NBC Comedy ‘Rutherford Falls’ Says It’s ‘Not Worth Being Friends With White People’

Colleen Hayes / Peacock
Colleen Hayes/Peacock

Rutherford Falls, an NBC comedy now airing on the network’s streaming service Peacock, is filled with anti-white deadpanning.

The show centers on Nathan Rutherford (Ed Helms), a white man who is an arrogant town leader blindly defending his ancestor who found the fictional upstate New York town in 1683. That founder, Lawrence Rutherford, founded the town by breaking a treaty with the fictional Minishonka tribe and the series follows the white townspeople as they defend their town and the local Indian groups who protest them for being, well, bad white people.

On the other side of the issue is Terry Thomas (Michael Greyeyes), a Native leader who owns the Indian casino in the area. He justifies his ruthless version of capitalism by insisting that it is payback to the evil whites who kept his people down and stole their lands.

In one episode, for instance, Thomas — who proudly displays a photo of himself and Michelle Obama — claims that his capitalism is different from white capitalism because his casino “distributes revenue” to the members of the tribe.

“America only champions one form of capitalism, major corporations, which I should point out pay no taxes while we do. They keep all the money for those at the top. Tribal capitalism distributes revenue, in this case casino revenue, to everyone in the tribe,” Thomas said.

“American” capitalism works the same way. Shareholders receive the benefits of the success of a company.

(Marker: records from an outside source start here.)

lemma countable_polyfuns_nonvanishing_point:
  fixes c :: "'v \<Rightarrow> nat \<Rightarrow> real"
  assumes "countable V" "\<And>v. v \<in> V \<Longrightarrow> \<exists>k\<le>m. c v k \<noteq> 0" "a < b"
  shows "\<exists>t. a < t \<and> t < b \<and> (\<forall>v\<in>V. (\<Sum>k\<le>m. c v k * t ^ k) \<noteq> 0)"
proof -
  define Z where "Z = (\<Union>v\<in>V. {t. (\<Sum>k\<le>m. c v k * t ^ k) = 0})"
  have "finite {t. (\<Sum>k\<le>m. c v k * t ^ k) = 0}" if "v \<in> V" for v
    using assms(2)[OF that] polyfun_roots_finite by blast
  then have "countable Z"
    unfolding Z_def using assms(1) by (intro countable_UN) (auto intro: countable_finite)
  moreover have "uncountable {a<..<b}"
    using assms(3) by (simp add: uncountable_open_interval)
  ultimately obtain t where "t \<in> {a<..<b}" "t \<notin> Z"
    by (metis countable_subset subsetI)
  then show ?thesis
    unfolding Z_def by auto
qed

definition poly_curve :: "(nat \<Rightarrow> nat \<Rightarrow> real) \<Rightarrow> nat \<Rightarrow> real \<Rightarrow> nat \<Rightarrow> real" where
  "poly_curve fs m t = (\<lambda>i. \<Sum>k\<le>m. t ^ k * fs k i)"

lemma poly_curve_in_cone_minus_mirrors:
  assumes in_Vsp: "\<And>k. k \<le> m \<Longrightarrow> fs k \<in> Vsp (rk M)"
    and no_root_orthogonal: "\<And>v. lroot M v \<Longrightarrow> \<exists>k\<le>m. bil M v (fs k) \<noteq> 0"
    and negative: "bil M (fs 0) (fs 0) < 0"
  shows "\<exists>t. poly_curve fs m t \<in> cone_minus_mirrors M"
proof -
  let ?q = "\<lambda>t. bil M (poly_curve fs m t) (poly_curve fs m t)"
  have "isCont ?q 0"
    unfolding bil_def poly_curve_def by (intro continuous_intros)
  moreover have "poly_curve fs m 0 = fs 0"
    by (auto simp: poly_curve_def zero_power sum.atMost_shift)
  ultimately have "(?q \<longlongrightarrow> bil M (fs 0) (fs 0)) (at 0)"
    by (simp add: isCont_def)
  then have "\<forall>\<^sub>F t in at 0. ?q t < 0"
    using negative by (rule order_tendstoD)
  then obtain \<epsilon> :: real where "\<epsilon> > 0"
    and \<epsilon>: "\<And>t. t \<noteq> 0 \<Longrightarrow> \<bar>t\<bar> < \<epsilon> \<Longrightarrow> ?q t < 0"
    by (auto simp: eventually_at dist_real_def)
  have "countable {v. lroot M v}"
    by (rule countable_subset[OF _ countable_lat[of "rk M"]])
      (auto simp: lroot_def two_root_def six_root_def)
  then have "\<exists>t. 0 < t \<and> t < \<epsilon>
      \<and> (\<forall>v\<in>{v. lroot M v}. (\<Sum>k\<le>m. bil M v (fs k) * t ^ k) \<noteq> 0)"
    by (rule countable_polyfuns_nonvanishing_point) (use no_root_orthogonal \<open>\<epsilon> > 0\<close> in auto)
  then obtain t where t: "0 < t" "t < \<epsilon>"
    and off_mirrors: "\<forall>v\<in>{v. lroot M v}. (\<Sum>k\<le>m. bil M v (fs k) * t ^ k) \<noteq> 0"
    by blast
  have "bil M v (poly_curve fs m t) = (\<Sum>k\<le>m. bil M v (fs k) * t ^ k)" for v
    unfolding poly_curve_def by (simp add: bil_sum_right mult.commute)
  moreover have "poly_curve fs m t \<in> Vsp (rk M)"
    using in_Vsp by (auto simp: poly_curve_def Vsp_def)
  ultimately have "poly_curve fs m t \<in> cone_minus_mirrors M"
    using \<epsilon>[of t] t off_mirrors by (auto simp: cone_minus_mirrors_def neg_cone_def)
  then show ?thesis ..
qed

The Native characters in the series so dislike white people that Reagan (Jana Schmieding), who runs a Minishonkan cultural center situated inside the casino, is portrayed in one episode as the judge of student projects extolling the virtues of the tribe. Reagan finds a student film entitled Faceless Minishonka. The film speaks of the oppression that the tribe has suffered and Reagan praises the film. Until, that is, she finds out a white kid made the film. Then she sours on it.

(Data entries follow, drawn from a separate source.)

(* Let $M\in\mathrm{M}_n(\mathbb{K})$ be a cyclic matrix with minimal polynomial $f=f_1^{m_1}\cdots f_s^{m_s}$, where $f_1,\dots,f_s\in\mathbb{K}[x]$ are pairwise distinct monic irreducible polynomials and $m_i\ge1$. Let $\mathcal{C}\subseteq\mathbb{L}^n$ be a nonzero $M$-cyclic code of dimension $k$ with generator polynomial $g$. Then $M_k(\mathcal{C})=n$ if and only if $f_i\nmid g$ for all $i\in\{1,\dots,s\}$.
   Context: Let $\mathbb{L}/\mathbb{K}$ be a field extension of finite degree $m\ge n$. Vectors are row vectors. For $c=(c_1,\dots,c_n)\in\mathbb{L}^n$, $\mathrm{Rsupp}(c)\subseteq\mathbb{K}^n$ is the $\mathbb{K}$-row space of the $m\times n$ matrix over $\mathbb{K}$ whose $j$-th column is the coordinate vector of $c_j$ in a fixed $\mathbb{K}$-basis of $\mathbb{L}$; for an $\mathbb{L}$-subspace $\mathcal{D}$, $\mathrm{wt}_R(\mathcal{D})$ is the $\mathbb{K}$-dimension of the span of all $\mathrm{Rsupp}(d)$, $d\in\mathcal{D}$. For a $k$-dimensional $\mathbb{L}$-subspace $\mathcal{C}$ and $1\le r\le k$, $M_r(\mathcal{C})=\min\{\mathrm{wt}_R(\mathcal{D}):\mathcal{D}\subseteq\mathcal{C},\dim_{\mathbb{L}}\mathcal{D}=r\}$. A matrix $M\in\mathrm{M}_n(\mathbb{K})$ is cyclic if there is $v\in\mathbb{K}^n$ (a cyclic vector) with $(v,vM^t,\dots,v(M^t)^{n-1})$ a basis; equivalently its minimal polynomial $f$ has degree $n$. An $M$-cyclic code is an $\mathbb{L}$-subspace $\mathcal{C}\subseteq\mathbb{L}^n$ with $cM^t\in\mathcal{C}$ for all $c\in\mathcal{C}$; each equals $\mathcal{C}_g=\{v\,g(M)^tP(M)^t:P\in\mathbb{L}[x]\}$ for a unique monic divisor $g$ of $f$ in $\mathbb{L}[x]$ (its generator polynomial), and $\dim\mathcal{C}_g=n-\deg g$. *)

theory Defs
  imports "HOL-Analysis.Analysis" "HOL-Computational_Algebra.Polynomial"
begin

text \<open>K is modelled by a field type 'k, L by a field type 'l together with an
  injective ring homomorphism phi : 'k => 'l (the inclusion of K into L).\<close>

definition field_embedding :: "('k::field \<Rightarrow> 'l::field) \<Rightarrow> bool" where
  "field_embedding \<phi> \<longleftrightarrow> inj \<phi> \<and> \<phi> 1 = 1 \<and>
     (\<forall>a b. \<phi> (a + b) = \<phi> a + \<phi> b) \<and> (\<forall>a b. \<phi> (a * b) = \<phi> a * \<phi> b)"

definition is_K_basis :: "('k::field \<Rightarrow> 'l::field) \<Rightarrow> (nat \<Rightarrow> 'l) \<Rightarrow> nat \<Rightarrow> bool" where
  "is_K_basis \<phi> b m \<longleftrightarrow>
     (\<forall>x. \<exists>!a :: nat \<Rightarrow> 'k. (\<forall>i. m \<le> i \<longrightarrow> a i = 0) \<and> x = (\<Sum>i<m. \<phi> (a i) * b i))"

definition coords :: "('k::field \<Rightarrow> 'l::field) \<Rightarrow> (nat \<Rightarrow> 'l) \<Rightarrow> nat \<Rightarrow> 'l \<Rightarrow> nat \<Rightarrow> 'k" where
  "coords \<phi> b m x = (THE a. (\<forall>i. m \<le> i \<longrightarrow> a i = 0) \<and> x = (\<Sum>i<m. \<phi> (a i) * b i))"

definition Rsupp :: "('k::field \<Rightarrow> 'l::field) \<Rightarrow> (nat \<Rightarrow> 'l) \<Rightarrow> nat \<Rightarrow> 'l^'n \<Rightarrow> ('k^'n) set" where
  "Rsupp \<phi> b m c = vec.span {(\<chi> j. coords \<phi> b m (c $ j) i) | i. i < m}"

definition wtR :: "('k::field \<Rightarrow> 'l::field) \<Rightarrow> (nat \<Rightarrow> 'l) \<Rightarrow> nat \<Rightarrow> ('l^'n) set \<Rightarrow> nat" where
  "wtR \<phi> b m D = vec.dim (vec.span (\<Union>d\<in>D. Rsupp \<phi> b m d))"

definition Mr :: "('k::field \<Rightarrow> 'l::field) \<Rightarrow> (nat \<Rightarrow> 'l) \<Rightarrow> nat \<Rightarrow> nat \<Rightarrow> ('l^'n) set \<Rightarrow> nat" where
  "Mr \<phi> b m r C = Min {wtR \<phi> b m D | D. vec.subspace D \<and> D \<subseteq> C \<and> vec.dim D = r}"

definition mat_pow :: "'a::comm_ring_1^'n^'n \<Rightarrow> nat \<Rightarrow> 'a^'n^'n" where
  "mat_pow A i = ((\<lambda>X. A ** X) ^^ i) (mat 1)"

definition mat_scale :: "'a::comm_ring_1 \<Rightarrow> 'a^'n^'n \<Rightarrow> 'a^'n^'n" where
  "mat_scale c A = (\<chi> i j. c * A $ i $ j)"

definition poly_mat :: "'a::comm_ring_1 poly \<Rightarrow> 'a^'n^'n \<Rightarrow> 'a^'n^'n" where
  "poly_mat p A = (\<Sum>i\<le>degree p. mat_scale (coeff p i) (mat_pow A i))"

definition minimal_polynomial :: "'a::field^'n^'n \<Rightarrow> 'a poly \<Rightarrow> bool" where
  "minimal_polynomial A f \<longleftrightarrow> lead_coeff f = 1 \<and> poly_mat f A = 0 \<and>
     (\<forall>q. poly_mat q A = 0 \<longrightarrow> f dvd q)"

text \<open>v is a cyclic vector: (v, v M^t, ..., v (M^t)^(n-1)) is a basis of K^n
  (row vectors; v (M^t)^i is M^i *v v).\<close>
definition cyclic_vector :: "'a::field^'n^'n \<Rightarrow> 'a^'n \<Rightarrow> bool" where
  "cyclic_vector A v \<longleftrightarrow> inj_on (\<lambda>i. mat_pow A i *v v) {..<CARD('n)} \<and>
     vec.independent ((\<lambda>i. mat_pow A i *v v) ` {..<CARD('n)}) \<and>
     vec.span ((\<lambda>i. mat_pow A i *v v) ` {..<CARD('n)}) = UNIV"
lemma openin_path_space_eval:
  assumes "t \<in> {0..1}" "openin X V"
  shows "openin (path_space X) {\<gamma> \<in> topspace (path_space X). \<gamma> t \<in> V}"
proof -
  let ?S = "{{\<gamma>. \<gamma> ` K \<subseteq> U} | K U. compactin (top_of_set {0..1::real}) K \<and> openin X U}"
  have "compactin (top_of_set {0..1::real}) {t}"
    using assms(1) by simp
  then have "{\<gamma>. \<gamma> ` {t} \<subseteq> V} \<in> ?S"
    using assms(2) by blast
  then have "openin (topology_generated_by ?S) {\<gamma>. \<gamma> t \<in> V}"
    by (simp add: openin_topology_generated_by_iff generate_topology_on.Basis)
  then have "openin (path_space X) (topspace (path_space X) \<inter> {\<gamma>. \<gamma> t \<in> V})"
    unfolding topspace_path_space unfolding path_space_def by (rule openin_subtopology_Int2)
  then show ?thesis
    by (simp add: Int_def)
qed

lemma continuous_map_into_path_space:
  assumes paths: "\<And>p. p \<in> topspace Y \<Longrightarrow>
      continuous_map (top_of_set {0..1}) X (s p) \<and> (\<forall>t. t \<notin> {0..1} \<longrightarrow> s p t = undefined)"
    and opens: "\<And>K V. compactin (top_of_set {0..1::real}) K \<Longrightarrow> openin X V \<Longrightarrow>
      openin Y {p \<in> topspace Y. s p ` K \<subseteq> V}"
  shows "continuous_map Y (path_space X) s"
  unfolding path_space_def continuous_map_in_subtopology
proof
  let ?S = "{{\<gamma>. \<gamma> ` K \<subseteq> U} | K U. compactin (top_of_set {0..1::real}) K \<and> openin X U}"
  show "continuous_map Y (topology_generated_by ?S) s"
  proof (rule continuous_on_generated_topo)
    fix B assume "B \<in> ?S"
    then obtain K V where "B = {\<gamma>. \<gamma> ` K \<subseteq> V}" "compactin (top_of_set {0..1}) K" "openin X V"
      by blast
    then show "openin Y (s -` B \<inter> topspace Y)"
      using opens[of K V] by (simp add: Int_def conj_commute)
  next
    show "s ` topspace Y \<subseteq> \<Union> ?S"
      using compact_open_subbasis_UNIV by blast
  qed
  show "s \<in> topspace Y \<rightarrow> {\<gamma>. continuous_map (top_of_set {0..1}) X \<gamma> \<and> (\<forall>t. t \<notin> {0..1} \<longrightarrow> \<gamma> t = undefined)}"
    using paths by blast
qed

lemma motion_planner_path:
  assumes "continuous_map (subtopology (prod_topology X X) U) (path_space X) s"
    and "p \<in> U" "p \<in> topspace (prod_topology X X)"
  shows "continuous_map (top_of_set {0..1}) X (s p)"
proof -
  have "p \<in> topspace (subtopology (prod_topology X X) U)"
    using assms(2,3) by (simp add: topspace_subtopology)
  then have "s p \<in> topspace (path_space X)"
    using assms(1) unfolding continuous_map_def by blast
  then show ?thesis
    by (simp add: topspace_path_space)
qed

“Yeah, but it colors my enjoyment knowing that the film was made by some white kid, albeit a seemingly woke one. I just gotta question his intent in making art about my people,” Reagan says of the student film. Then she admits that if the exact same film was made by a Minishonka student, “Standing ovation. Give him all the Oscars!”

The attacks on white people continues throughout the series until in one episode, Terry Thomas deadpans that there is no reason to even be a friend with a white person. “So much drama. This is why it’s not worth being friends with white people,” Thomas says.

The series is, of course, supposed to be a comedy and the over-the-top attitudes exhibited by all the characters is played for laughs. But the anti-white quips come thick in the NBC series with white people portrayed as “colonizers,” and thieves, and the Natives portrayed as innocent victims. The early reviews have been far from raving.

“But based on the first four episodes (the portion sent to critics), the series isn’t quite root-worthy yet. Rutherford Falls’ biggest pitfall is its saggy pacing — the pilot, which runs a (rather unfunny) half-hour, feels twice as long,” The Hollywood Reporter notes. “There’s also both too much and not enough table-setting in these early installments.”